Wniosek do sądu zamierza złożyć obecny zarząd z prezesem Wojciechem Wardackim na czele. Już w ubiegłym roku mówił on, że kopalnia nie przynosi żadnego zysku. – Wydaliśmy do tej pory ponad 200 milionów zł i nie mamy żadnych fosforytów, które wydobywamy i przewozimy. Wydobycie z tego słynnego złoża Lam Lam zakończyło się w 2014 roku i do końca 2014 roku nic z tego do nas nie trafiło – mówił.

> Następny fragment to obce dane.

lemma path_cover_unique: "path_cover V E In Out C \<Longrightarrow> v \<in> V \<Longrightarrow> \<exists>!p. p \<in> C \<and> v \<in> set p"
  unfolding path_cover_def by blast

lemma path_cover_In_index:
  "path_cover V E In Out C \<Longrightarrow> p \<in> C \<Longrightarrow> i < length p \<Longrightarrow> p ! i \<in> In \<Longrightarrow> i = 0"
  unfolding path_cover_def by blast

lemma path_cover_Out: "path_cover V E In Out C \<Longrightarrow> p \<in> C \<Longrightarrow> set p \<inter> Out = {last p}"
  unfolding path_cover_def by blast

lemma path_cover_paths:
  assumes "path_cover V E In Out C" "p \<in> C"
  shows "p \<noteq> []" "distinct p" "set p \<subseteq> V" "last p \<in> Out"
  using path_cover_dpath[OF assms] path_cover_Out[OF assms] unfolding dpath_def by auto

lemma path_cover_disjoint:
  assumes cover: "path_cover V E In Out C"
  shows "vertex_disjoint C" "\<forall>p\<in>C. distinct p"
proof -
  show "vertex_disjoint C"
    unfolding vertex_disjoint_def
  proof (intro ballI impI)
    fix p q assume pq: "p \<in> C" "q \<in> C" "p \<noteq> q"
    show "set p \<inter> set q = {}"
    proof (rule ccontr)
      assume "set p \<inter> set q \<noteq> {}"
      then obtain v where v: "v \<in> set p" "v \<in> set q" by blast
      with pq(1) path_cover_paths(3)[OF cover] have "v \<in> V" by blast
      with path_cover_unique[OF cover] pq v show False by blast
    qed
  qed
  show "\<forall>p\<in>C. distinct p" using path_cover_paths(2)[OF cover] by blast
qed

text \<open>On each path of a cover, the vertex in Out is the last one, so no arc leaves Out;
  likewise a vertex in In can only be the first vertex of its path.\<close>

lemma path_cover_arc_source_notin_Out:
  assumes cover: "path_cover V E In Out C" and "arc C v w"
  shows "v \<notin> Out"
proof
  assume "v \<in> Out"
  from assms(2) obtain p i where p: "p \<in> C" "Suc i < length p" "p ! i = v" "p ! Suc i = w"
    by (rule arcE)
  then have "v \<in> set p" by (metis Suc_lessD nth_mem)
  with path_cover_Out[OF cover p(1)] \<open>v \<in> Out\<close> have "v = last p" by blast
  with assms(2) no_arc_from_last[OF path_cover_disjoint[OF cover] p(1)]
    path_cover_paths(1)[OF cover p(1)] show False by simp
qed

Czytaj także: Sieć polskich sklepów osiąga sukces za sukcesem. Dino staje się godnym rywalem dla Biedronki i Lidla
Według słów prezesa Wardeckiego, przedstawicielom rządu i dziennikarzy pokazywano w Senegalu kopalnie, które rzekomo miały należeć do Grupy Azoty Police.
To nie jedyne nieprawidłowości, jakie wykryto w Grupie Azoty Police. Do innych należą choćby luksusowe zakupy czy wynajem lokali.
Czytaj także: Kaźmierczak: „CIT to najgłupszy podatek jaki istnieje. Trzeba go zlikwidować”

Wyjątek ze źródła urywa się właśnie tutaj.